Aux saveurs de Damas

Aux saveurs de Damas

Lancer un resto avec ce qu’on a sous la main et avant même d’avoir une réponse pour le crédit ? C’est le pari audacieux fait par un jeune restaurateur syrien, très entouré et au CV aussi varié que ses mezze. Pari gagné !

Bahaa Alnajar a étudié la littérature française en Syrie. L’histoire ne dit pas si c’est là qu’il a appris l’expression « tête de mule » ou si c’est après son arrivée en Belgique, en 2015. Mais toujours est-il qu’il annonce, dans un français impeccable : « Je suis un peu tête de mule », comme pour trouver une excuse à son succès rapide.

Il y a cinq ans, Bahaa optient ses papiers et s’installe à Liège. Il offre son aide bénévole à Caritas international, pour la traduction avec des familles syriennes. Il se fait des amis, d’ici et d’ailleurs, et le midi, ces nouveaux amis lorgnent sur ses boîtes à tartines. « J’ai commencé à cuisiner pour mes collègues, à partager mes repas. » Dans son cours de danse, le même enthousiasme : dès qu’il arrive avec un plat, on lui suggère d’en faire un métier.

Bahaa a une expérience dans le commerce – une boutique de GSM qu’il avait ouverte à Damas – et dans la restauration, lors de son exil au Liban. « Les gens m’ont encouragé. Ça m’a donné envie de m’informer pour devenir indépendant en Belgique. »

Ensuite, il fallait trouver un lieu. Pas cher. Il loue un immeuble en mauvais état en Outremeuse (Liège) et conclut un accord avec le propriétaire : il fera lui-même tous les travaux (ah oui, parce qu’il a aussi été peintre en bâtiment), en échange d’une remise sur le loyer.

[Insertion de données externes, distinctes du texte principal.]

(* Let $a,b>0$, $\alpha\in(0,3)$, $p>4$, and $h(x)\ge h_0>0$ on $\mathbb{Z}^3$. If $u\in H$ with $u^+\neq0$ and $u^-\neq0$, then there exists a unique pair of positive numbers $(s_u,t_u)$ such that $s_uu^++t_uu^-\in\mathcal{M}$ and $$J(s_uu^++t_uu^-)=\max_{s,t\ge0}J(su^++tu^-).$$
   Context: $\mathbb{Z}^3$ is the integer lattice graph ($x\sim y$ iff $\sum_i|x_i-y_i|=1$) with counting measure $\mu$. $|\nabla u|(x)=\big(\tfrac12\sum_{y\sim x}(u(y)-u(x))^2\big)^{1/2}$, $\int\nabla u\nabla v\,d\mu=\sum_x\tfrac12\sum_{y\sim x}(u(y)-u(x))(v(y)-v(x))$. $R_\alpha(x,y)=\frac{K_\alpha}{(2\pi)^3}\int_{\mathbb{T}^3}e^{i(x-y)\cdot k}\mu(k)^{-\alpha/2}dk$, $K_\alpha=\frac{1}{(2\pi)^3}\int_{\mathbb{T}^3}\mu(k)^{\alpha/2}dk$, $\mu(k)=6-2\sum_j\cos k_j$; $(R_\alpha\ast f)(x)=\sum_yR_\alpha(x,y)f(y)$. $H=\{u\in H^1(\mathbb{Z}^3):\sum hu^2<\infty\}$ with $\|u\|^2=\sum_x(a|\nabla u|^2+hu^2)$. $J(u)=\frac12\|u\|^2+\frac b4(\int|\nabla u|^2d\mu)^2-\frac1{2p}\int(R_\alpha\ast|u|^p)|u|^pd\mu$, $(J'(u),\phi)=\int(a\nabla u\nabla\phi+hu\phi)d\mu+b\int|\nabla u|^2d\mu\int\nabla u\nabla\phi\,d\mu-\int(R_\alpha\ast|u|^p)|u|^{p-2}u\phi\,d\mu$. $u^+=\max\{u,0\}$, $u^-=\min\{u,0\}$, and $\mathcal{M}=\{u\in H:u^\pm\neq0,\ (J'(u),u^+)=(J'(u),u^-)=0\}$. *)

theory Defs
  imports "HOL-Analysis.Analysis"
begin

type_synonym pt = "int \<times> int \<times> int"

definition lat_nbr :: "pt \<Rightarrow> pt \<Rightarrow> bool" where
  "lat_nbr x y \<longleftrightarrow>
     \<bar>fst x - fst y\<bar> + \<bar>fst (snd x) - fst (snd y)\<bar> + \<bar>snd (snd x) - snd (snd y)\<bar> = 1"

definition nbrs :: "pt \<Rightarrow> pt set" where
  "nbrs x = {y. lat_nbr x y}"

definition grad_sq :: "(pt \<Rightarrow> real) \<Rightarrow> pt \<Rightarrow> real" where
  "grad_sq u x = (1/2) * (\<Sum>y\<in>nbrs x. (u y - u x)^2)"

Et c’est là qu’arrive la tête de mule. Bahaa contacte Crédal pour un crédit. Mais il ne veut pas attendre la réponse. « Mon idée c’était d’ouvrir, même si je n’avais pas encore l’argent. J’étais pressé. » L’entrepreneur racle ses poches, celles de son frère et de ses nombreux amis. Il réunit 14.000 euros. Ça suffira pour monter un resto ! « Tous mes amis belges étaient étonnés qu’on puisse ouvrir avec si peu. »

« Aux Saveurs de Damas. Cuisine syrienne artisanale. » L’enseigne est inaugurée en janvier 2020. La réponse pour le crédit arrive ensuite. Crédal prête 12000 euros au restaurateur, grâce auxquels il peut rembourser ses amis créanciers.

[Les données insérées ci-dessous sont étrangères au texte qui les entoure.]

section \<open>Scalarization of set-valued maps\<close>

lemma K_seq_compact_attains_min:
  fixes ys :: "'b::real_normed_vector \<Rightarrow> real"
  assumes ys: "bounded_linear ys" and pos: "\<And>k. k \<in> K \<Longrightarrow> 0 \<le> ys k"
    and A: "K_seq_compact K A"
  obtains l where "l \<in> A" "\<And>b. b \<in> A \<Longrightarrow> ys l \<le> ys b"
proof -
  let ?m = "INF a\<in>A. ereal (ys a)"
  have "A \<noteq> {}" using A unfolding K_seq_compact_def by blast
  then obtain v :: "nat \<Rightarrow> ereal" where v: "decseq v" "range v \<subseteq> (\<lambda>a. ereal (ys a)) ` A"
    and m: "?m = (INF n. v n)"
    using Inf_countable_INF[of "(\<lambda>a. ereal (ys a)) ` A"] by auto
  have "\<forall>n. \<exists>a\<in>A. v n = ereal (ys a)" using v(2) by blast
  then obtain a where a: "\<And>n. a n \<in> A" and va: "\<And>n. v n = ereal (ys (a n))" by metis
  obtain c r l where c: "\<And>n. c n \<in> K" and r: "strict_mono r" and l: "l \<in> A"
    and lim: "(\<lambda>n. a (r n) - c (r n)) \<longlonglongrightarrow> l"
    using A a unfolding K_seq_compact_def by metis
  have lim_l: "(\<lambda>n. ereal (ys (a (r n) - c (r n)))) \<longlonglongrightarrow> ereal (ys l)"
    using bounded_linear.tendsto[OF ys lim] by simp
  have lim_m: "(\<lambda>n. ereal (ys (a (r n)))) \<longlonglongrightarrow> ?m"
    using LIMSEQ_subseq_LIMSEQ[OF LIMSEQ_INF[OF v(1)] r] unfolding m comp_def va .
  \<comment> \<open>subtracting elements of \<open>K\<close> can only decrease the value of \<open>ys\<close>\<close>
  have le: "ereal (ys (a (r n) - c (r n))) \<le> ereal (ys (a (r n)))" for n
    using pos[OF c] by (simp add: linear_diff[OF bounded_linear.linear[OF ys]])
  have "ereal (ys l) \<le> ?m" using LIMSEQ_le[OF lim_l lim_m] le by blast
  then have "ys l \<le> ys b" if "b \<in> A" for b
    using INF_lower[OF that, of "\<lambda>a. ereal (ys a)"] by (meson ereal_less_eq(3) order_trans)
  with l show thesis by (rule that)
qed

lemma minimizer_selection:
  fixes ys :: "'b::real_normed_vector \<Rightarrow> real"
  assumes "bounded_linear ys" "\<And>k. k \<in> K \<Longrightarrow> 0 \<le> ys k" "\<And>x. K_seq_compact K (F x)"
  obtains m where "\<And>x. m x \<in> F x" "\<And>x b. b \<in> F x \<Longrightarrow> ys (m x) \<le> ys b"
proof -
  have "\<forall>x. \<exists>a. a \<in> F x \<and> (\<forall>b\<in>F x. ys a \<le> ys b)"
    using K_seq_compact_attains_min[OF assms(1,2,3)] by metis
  then show thesis using that by metis
qed

lemma convex_on_min_value:
  fixes ys :: "'b::real_normed_vector \<Rightarrow> real" and F :: "'a::real_vector \<Rightarrow> 'b set"
  assumes F: "upper_K_convex K F" and ys: "linear ys" and pos: "\<And>k. k \<in> K \<Longrightarrow> 0 \<le> ys k"
    and m: "\<And>x. m x \<in> F x" and min: "\<And>x b. b \<in> F x \<Longrightarrow> ys (m x) \<le> ys b"
  shows "convex_on UNIV (\<lambda>x. ys (m x))"
proof (rule convex_onI)
  fix t :: real and x y assume t: "0 < t" "t < 1"
  have "{(1 - t) *\<^sub>R a + t *\<^sub>R b | a b. a \<in> F x \<and> b \<in> F y}
      \<subseteq> {c + k | c k. c \<in> F ((1 - t) *\<^sub>R x + t *\<^sub>R y) \<and> k \<in> K}"
    using F[unfolded upper_K_convex_def, rule_format, of "1 - t" x y] t by simp
  moreover have "(1 - t) *\<^sub>R m x + t *\<^sub>R m y \<in> {(1 - t) *\<^sub>R a + t *\<^sub>R b | a b. a \<in> F x \<and> b \<in> F y}"
    using m by blast
  ultimately have "(1 - t) *\<^sub>R m x + t *\<^sub>R m y \<in> {c + k | c k. c \<in> F ((1 - t) *\<^sub>R x + t *\<^sub>R y) \<and> k \<in> K}"
    by (rule subsetD)
  then obtain c k where ck: "(1 - t) *\<^sub>R m x + t *\<^sub>R m y = c + k"
    and c: "c \<in> F ((1 - t) *\<^sub>R x + t *\<^sub>R y)" and k: "k \<in> K"
    by blast
  have "(1 - t) * ys (m x) + t * ys (m y) = ys c + ys k"
    using arg_cong[OF ck, of ys] ys by (simp add: linear_add linear_scale)
  then show "ys (m ((1 - t) *\<^sub>R x + t *\<^sub>R y)) \<le> (1 - t) * ys (m x) + t * ys (m y)"
    using min[OF c] pos[OF k] by linarith
qed simp

lemma lower_continuous_min_value_bounded_above:
  fixes ys :: "'b::real_normed_vector \<Rightarrow> real" and F :: "'a::metric_space \<Rightarrow> 'b set"
  assumes F: "lower_continuous_at F x0" "F x0 \<noteq> {}" and ys: "bounded_linear ys"
    and min: "\<And>x b. b \<in> F x \<Longrightarrow> ys (m x) \<le> ys b"
  shows "bounded_above_on_ball (\<lambda>x. ys (m x))"
proof -
  obtain a where a: "a \<in> F x0" using F(2) by blast
  obtain C where C: "C > 0" "\<And>y. norm (ys y) \<le> norm y * C"
    using bounded_linear.pos_bounded[OF ys] by blast
  have "open (ball a 1) \<and> F x0 \<inter> ball a 1 \<noteq> {}" using a by auto
  then have "\<exists>U. open U \<and> x0 \<in> U \<and> (\<forall>u\<in>U. F u \<inter> ball a 1 \<noteq> {})"
    by (rule F(1)[unfolded lower_continuous_at_def, rule_format])
  then obtain U where U: "open U" "x0 \<in> U" and meets: "\<And>u. u \<in> U \<Longrightarrow> F u \<inter> ball a 1 \<noteq> {}"
    by blast
  obtain r where r: "r > 0" "ball x0 r \<subseteq> U"
    using open_contains_ball_eq[OF U(1)] U(2) by blast
  have "ys (m x) \<le> ys a + C" if x: "x \<in> ball x0 r" for x
  proof -
    have "x \<in> U" using r(2) x by blast
    then obtain b where b: "b \<in> F x" "dist a b < 1" using meets by fastforce
    have "ys (b - a) \<le> norm (ys (b - a))" by simp
    also have "\<dots> \<le> norm (b - a) * C" by (rule C(2))
    also have "\<dots> \<le> 1 * C"
      using b(2) C(1) by (intro mult_right_mono) (simp_all add: dist_norm norm_minus_commute)
    finally have "ys b \<le> ys a + C"
      using linear_diff[OF bounded_linear.linear[OF ys], of b a] by simp
    then show ?thesis using min[OF b(1)] by linarith
  qed
  then show ?thesis unfolding bounded_above_on_ball_def using r(1) by blast
qed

20 jours plus tard, Bahaa doit déjà fermer ses portes pour cause de pandémie. En plus des commandes et de la cuisine, il se lance alors dans la livraison – parfois loin – pour maintenir et développer son activité. Il n’a plus arrêté depuis.

L’année 2020 se termine sur de belles perspectives pour le restaurateur syrien : deux employés (engagés en janvier 2021), un barbecue (il paraît que les Belges aiment ça) et des contrats avec des sociétés de livraison. De quoi récupérer un peu de temps pour lui. « Parce qu’il faut gagner sa vie mais il faut vivre aussi ! ». En français, il y a un proverbe qui dit cela : « Qui veut aller loin ménage sa monture ». Mais Bahaa le connaît sûrement déjà.